Если кто попросит больше, бей его, как вора!

Знакомьтесь, леди и джентльмены, это кукла Самбо…

Я знал, что мне нужно спешить, но не мог оторвать глаз от гибкой вертлявой фигурки. Меня то разбирал смех, то одолевало желание изо всех сил наступить на эту скалящуюся уродину, впечатать ее в асфальт. Внезапно танец прекратился: кукла, замерев, бессильно рухнула на картонку. Я увидел, как кончик ботинка наступил ей на ноги, а чья-то широкая черная рука ухватила голову и рванула ее вверх, так что шея вытянулась в два раза. Затем пальцы разжались, и кукла снова пустилась в пляс. Но вдруг голос, исполнявший песенку, перестал попадать в такт. Мне почудилось, будто я со всего размаху угодил в мелкий пруд и уткнулся лицом в дно, а воды едва хватило, чтобы покрыть мне затылок. Я поднял глаза.
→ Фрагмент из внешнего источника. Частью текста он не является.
(* Let $H$ be a real Hilbert space, $T_n:H\to H$ for every $n\in\mathbb{N}$, and $(\gamma_n)$ a sequence of positive reals with $\sum_{n=0}^\infty\gamma_n^2=\infty$. Assume that $(T_n)$ is jointly firmly nonexpansive with respect to $(\gamma_n)$ and that $F:=\bigcap_{n\in\mathbb{N}}Fix(T_n)\neq\emptyset$. Let $x\in H$, $x_0:=x$, $x_{n+1}:=T_nx_n$ for all $n$. Then $(x_n)$ converges weakly to a point of $F$.
   Context: $(T_n)$ is jointly firmly nonexpansive w.r.t. $(\gamma_n)$ if for all $n,m\in\mathbb{N}$, $x,y\in H$, $\alpha,\beta\in[0,1]$ with $(1-\alpha)\gamma_n=(1-\beta)\gamma_m$: $\|T_nx-T_my\|\le\|((1-\alpha)x+\alpha T_nx)-((1-\beta)y+\beta T_my)\|$. $Fix(T)$ is the fixed point set of $T$. *)

theory Defs
  imports "HOL-Analysis.Analysis"
begin

definition Fix :: "('a \<Rightarrow> 'a) \<Rightarrow> 'a set" where
  "Fix T = {x. T x = x}"

definition jointly_firmly_nonexpansive ::
  "(nat \<Rightarrow> 'a::real_normed_vector \<Rightarrow> 'a) \<Rightarrow> (nat \<Rightarrow> real) \<Rightarrow> bool" where
  "jointly_firmly_nonexpansive T \<gamma> \<longleftrightarrow>
     (\<forall>n m x y \<alpha> \<beta>. \<alpha> \<in> {0..1} \<longrightarrow> \<beta> \<in> {0..1} \<longrightarrow>
        (1 - \<alpha>) * \<gamma> n = (1 - \<beta>) * \<gamma> m \<longrightarrow>
        norm (T n x - T m y) \<le>
          norm (((1 - \<alpha>) *\<^sub>R x + \<alpha> *\<^sub>R T n x) - ((1 - \<beta>) *\<^sub>R y + \<beta> *\<^sub>R T m y)))"

definition weakly_convergent_to :: "(nat \<Rightarrow> 'a::real_inner) \<Rightarrow> 'a \<Rightarrow> bool" where
  "weakly_convergent_to x p \<longleftrightarrow> (\<forall>y. (\<lambda>n. inner (x n) y) \<longlonglongrightarrow> inner p y)"

end

theory Submission
  imports Defs "HOL-Library.Diagonal_Subsequence"
begin

text \<open>
  Choosing \<alpha> = 1 - s/\<gamma> n and \<beta> = 1 - s/\<gamma> m with s \<rightarrow> 0 turns joint firm nonexpansiveness
  into the monotonicity inequality
  \<langle>T n a - T m b, (a - T n a)/\<gamma> n - (b - T m b)/\<gamma> m\<rangle> \<ge> 0.
  Taking b a common fixed point makes the iterates Fejer monotone with respect to F and the
  squared steps summable; taking b = x n makes the norms of the residuals
  (x n - x (n+1))/\<gamma> n nonincreasing, so \<Sum> \<gamma> n ^ 2 = \<infinity> forces them to 0.
  Testing against arbitrary b then shows that every weak cluster point is fixed by every T m,
  and Opial's lemma gives weak convergence.
\<close>

lemma inner_ge_zero_if_norm_le_norm_add:
  fixes b c :: "'a::real_inner"
  assumes "\<delta> > 0" and le: "\<And>s. 0 < s \<Longrightarrow> s \<le> \<delta> \<Longrightarrow> norm b \<le> norm (b + s *\<^sub>R c)"
  shows "inner b c \<ge> 0"
proof (rule ccontr)
  assume "\<not> inner b c \<ge> 0"
  define s where "s = min \<delta> (- inner b c / (inner c c + 1))"
  have "inner c c + 1 > 0"
    by (simp add: add_nonneg_pos)
  then have "0 < s" "s \<le> \<delta>"
    using \<open>\<delta> > 0\<close> \<open>\<not> inner b c \<ge> 0\<close>
    by (auto simp: s_def add_pos_nonneg divide_neg_pos)
  have "s \<le> - inner b c / (inner c c + 1)"
    by (simp add: s_def)
  then have "s * (inner c c + 1) \<le> - inner b c"
    using \<open>inner c c + 1 > 0\<close> by (simp add: field_simps)
  then have "s * inner c c < - inner b c"
    using \<open>0 < s\<close> by (simp add: algebra_simps)
  then have "s * (s * inner c c) < s * (- inner b c)"
    using \<open>0 < s\<close> by (rule mult_strict_left_mono)
  moreover have "s * inner b c < 0"
    using \<open>0 < s\<close> \<open>\<not> inner b c \<ge> 0\<close> by (simp add: mult_pos_neg)
  ultimately have "2 * s * inner b c + s * s * inner c c < 0"
    by (simp add: algebra_simps)
  moreover have "norm b ^ 2 \<le> norm (b + s *\<^sub>R c) ^ 2"
    using le[OF \<open>0 < s\<close> \<open>s \<le> \<delta>\<close>] by (simp add: power_mono)
  ultimately show False
    by (simp add: power2_norm_eq_inner inner_add_left inner_add_right inner_commute algebra_simps)
qed

lemma parallelogram_law:
  fixes a b :: "'a::real_inner"
  shows "norm (a + b) ^ 2 + norm (a - b) ^ 2 = 2 * norm a ^ 2 + 2 * norm b ^ 2"
  by (simp add: power2_norm_eq_inner inner_add_left inner_add_right inner_diff_left
      inner_diff_right inner_commute)

lemma power2_norm_add:
  fixes a b :: "'a::real_inner"
  shows "norm (a + b) ^ 2 = norm a ^ 2 + 2 * inner a b + norm b ^ 2"
  by (simp add: power2_norm_eq_inner inner_add_left inner_add_right inner_commute)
— Нет… как ты мог… — начал было я и осекся. Он демонстративно уставился куда-то мимо меня. Меня как парализовало: я стоял, не в силах отвести от него глаз, мечтая, чтобы это был всего лишь сон. Но это был не сон — я по-прежнему слышал:

Кукла Самбо — чудо света, пляшет и смеется,

Она разгонит грусть-тоску, печаль к вам не вернется,

Она не просит есть и пить, ей ничего не надо,

Коль хозяин улыбнется — вот ей и награда.

Мумбо-юмбо, самба-мамба, чаттануга-чучу!

Никогда ее ужимки людям не наскучат.

Покупайте куклу Самбо, господа и дамы.

Всего за четверть доллара купите куклу Самбо,

Это же недорого, это просто даром!

Леди и джентльмены, покорнейше прошу, подходите, смотрите, берите моих куколок на радость себе и вашим деткам, и для меня доброе дело сделаете, будет мне на что хлебушка купить, позавтракать да пообедать… Спасибо, леди…

Да, это был он. Клифтон. Он раскачивался взад-вперед, то слегка приседал, то выпрямлялся, нелепо дергал плечами, тыкал пальцем в прыгающую куклу и пел свою песенку, почти не раскрывая рта.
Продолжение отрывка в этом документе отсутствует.